Sheep identity recognition, age and weight estimation datasets
Abdelhady, Aya Salama, Hassanenin, Aboul Ella, Fahmy, Aly
Increased interest of scientists, producers and consumers in sheep identification has been stimulated by the dramatic increase in population and the urge to increase productivity. The world population is expected to exceed 9.6 million in 2050. For this reason, awareness is raised towards the necessity of effective livestock production.
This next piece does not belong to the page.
(* The asynchronous subtyping relation $\leqslant$ on session trees is reflexive and transitive.
   Context: Sorts: $\mathsf{S} ::= \mathtt{nat} \mid \mathtt{int} \mid \mathtt{bool} \mid \mathtt{unit}$; subsorting $\leq:$ is the least reflexive relation on sorts with $\mathtt{nat}\leq:\mathtt{int}$. Session trees are the possibly infinite terms generated coinductively by $\mathsf{T} ::= \mathtt{end} \mid \&_{i\in I}\mathsf{p}?\ell_i(\mathsf{S}_i).\mathsf{T}_i \mid \oplus_{i\in I}\mathsf{p}!\ell_i(\mathsf{S}_i).\mathsf{T}_i$ with $I$ finite nonempty and labels $\ell_i$ pairwise distinct ($\&$: branching, i.e. input from $\mathsf{p}$; $\oplus$: selection, i.e. output to $\mathsf{p}$). SISO trees: $\mathsf{W} ::= \mathtt{end} \mid \mathsf{p}?\ell(\mathsf{S}).\mathsf{W} \mid \mathsf{p}!\ell(\mathsf{S}).\mathsf{W}$ (coinductively); $\mathrm{act}(\mathsf{W})$ is the set of symbols $\mathsf{p}?$ (resp. $\mathsf{p}!$) for inputs from (resp. outputs to) $\mathsf{p}$ occurring in $\mathsf{W}$. $\mathcal{A}^{(\mathsf{p})}$: nonempty finite sequences of inputs $\mathsf{q}?\ell(\mathsf{S})$ with $\mathsf{q}\neq\mathsf{p}$; $\mathcal{B}^{(\mathsf{p})}$: nonempty finite sequences of inputs $\mathsf{r}?\ell(\mathsf{S})$ (any $\mathsf{r}$) and outputs $\mathsf{q}!\ell(\mathsf{S})$ with $\mathsf{q}\neq\mathsf{p}$, used as prefixes. SISO refinement $\lesssim$: the largest relation on SISO trees closed backward under: $\mathsf{p}?\ell(\mathsf{S}).\mathsf{W}\lesssim\mathsf{p}?\ell(\mathsf{S}').\mathsf{W}'$ if $\mathsf{S}'\leq:\mathsf{S}$, $\mathsf{W}\lesssim\mathsf{W}'$; $\mathsf{p}?\ell(\mathsf{S}).\mathsf{W}\lesssim\mathcal{A}^{(\mathsf{p})}.\mathsf{p}?\ell(\mathsf{S}').\mathsf{W}'$ if $\mathsf{S}'\leq:\mathsf{S}$, $\mathsf{W}\lesssim\mathcal{A}^{(\mathsf{p})}.\mathsf{W}'$, $\mathrm{act}(\mathsf{W})=\mathrm{act}(\mathcal{A}^{(\mathsf{p})}.\mathsf{W}')$; $\mathsf{p}!\ell(\mathsf{S}).\mathsf{W}\lesssim\mathsf{p}!\ell(\mathsf{S}').\mathsf{W}'$ if $\mathsf{S}\leq:\mathsf{S}'$, $\mathsf{W}\lesssim\mathsf{W}'$; $\mathsf{p}!\ell(\mathsf{S}).\mathsf{W}\lesssim\mathcal{B}^{(\mathsf{p})}.\mathsf{p}!\ell(\mathsf{S}').\mathsf{W}'$ if $\mathsf{S}\leq:\mathsf{S}'$, $\mathsf{W}\lesssim\mathcal{B}^{(\mathsf{p})}.\mathsf{W}'$, $\mathrm{act}(\mathsf{W})=\mathrm{act}(\mathcal{B}^{(\mathsf{p})}.\mathsf{W}')$; $\mathtt{end}\lesssim\mathtt{end}$. SO trees $\mathsf{U} ::= \mathtt{end} \mid \&_{i\in I}\mathsf{p}?\ell_i(\mathsf{S}_i).\mathsf{U}_i \mid \mathsf{p}!\ell(\mathsf{S}).\mathsf{U}$; SI trees $\mathsf{V} ::= \mathtt{end} \mid \mathsf{p}?\ell(\mathsf{S}).\mathsf{V} \mid \oplus_{i\in I}\mathsf{p}!\ell_i(\mathsf{S}_i).\mathsf{V}_i$. Decompositions (coinductively): $[\![\mathtt{end}]\!]_{SO}=\{\mathtt{end}\}$, $[\![\oplus_{i\in I}\mathsf{p}!\ell_i(\mathsf{S}_i).\mathsf{T}_i]\!]_{SO}=\{\mathsf{p}!\ell_i(\mathsf{S}_i).\mathsf{U}: i\in I,\mathsf{U}\in[\![\mathsf{T}_i]\!]_{SO}\}$, $[\![\&_{i\in I}\mathsf{p}?\ell_i(\mathsf{S}_i).\mathsf{T}_i]\!]_{SO}=\{\&_{i\in I}\mathsf{p}?\ell_i(\mathsf{S}_i).\mathsf{U}_i: \mathsf{U}_i\in[\![\mathsf{T}_i]\!]_{SO}\}$; $[\![\mathtt{end}]\!]_{SI}=\{\mathtt{end}\}$, $[\![\&_{i\in I}\mathsf{p}?\ell_i(\mathsf{S}_i).\mathsf{T}_i]\!]_{SI}=\{\mathsf{p}?\ell_i(\mathsf{S}_i).\mathsf{V}: i\in I,\mathsf{V}\in[\![\mathsf{T}_i]\!]_{SI}\}$, $[\![\oplus_{i\in I}\mathsf{p}!\ell_i(\mathsf{S}_i).\mathsf{T}_i]\!]_{SI}=\{\oplus_{i\in I}\mathsf{p}!\ell_i(\mathsf{S}_i).\mathsf{V}_i: \mathsf{V}_i\in[\![\mathsf{T}_i]\!]_{SI}\}$. (Applying $[\![\cdot]\!]_{SI}$ to an SO tree or $[\![\cdot]\!]_{SO}$ to an SI tree yields SISO trees.) The asynchronous subtyping: $\mathsf{T}\leqslant\mathsf{T}'$ iff for all $\mathsf{U}\in[\![\mathsf{T}]\!]_{SO}$ and $\mathsf{V}'\in[\![\mathsf{T}']\!]_{SI}$ there exist $\mathsf{W}\in[\![\mathsf{U}]\!]_{SI}$ and $\mathsf{W}'\in[\![\mathsf{V}']\!]_{SO}$ with $\mathsf{W}\lesssim\mathsf{W}'$. *)

theory Defs
  imports Main "HOL-Library.Finite_Map"
begin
Sheep is considered as one of the main of food resources. Most of the research now is directed towards developing real time applications that facilitate sheep identification for breed management and gathering related information like weight and age. Weight and age are key matrices in assessing the effectiveness of production. For this reason, visual analysis proved recently its significant success over other approaches. Visual analysis techniques need enough images for testing and study completion. For this reason, collecting sheep images database is a vital step to fulfill such objective. We provide here datasets for testing and comparing such algorithms which are under development. Our collected dataset consists of 416 color images for different features of sheep in different postures. Images were collected fifty two sheep at a range of year from three months to six years. For each sheep, two images were captured for both sides of the body, two images for both sides of the face, one image from the top view, one image for the hip and one image for the teeth. The collected images cover different illumination, quality levels and angle of rotation. The allocated data set can be used to test sheep identification, weigh estimation, and age detection algorithms. Such algorithms are crucial for disease management, animal assessment and ownership.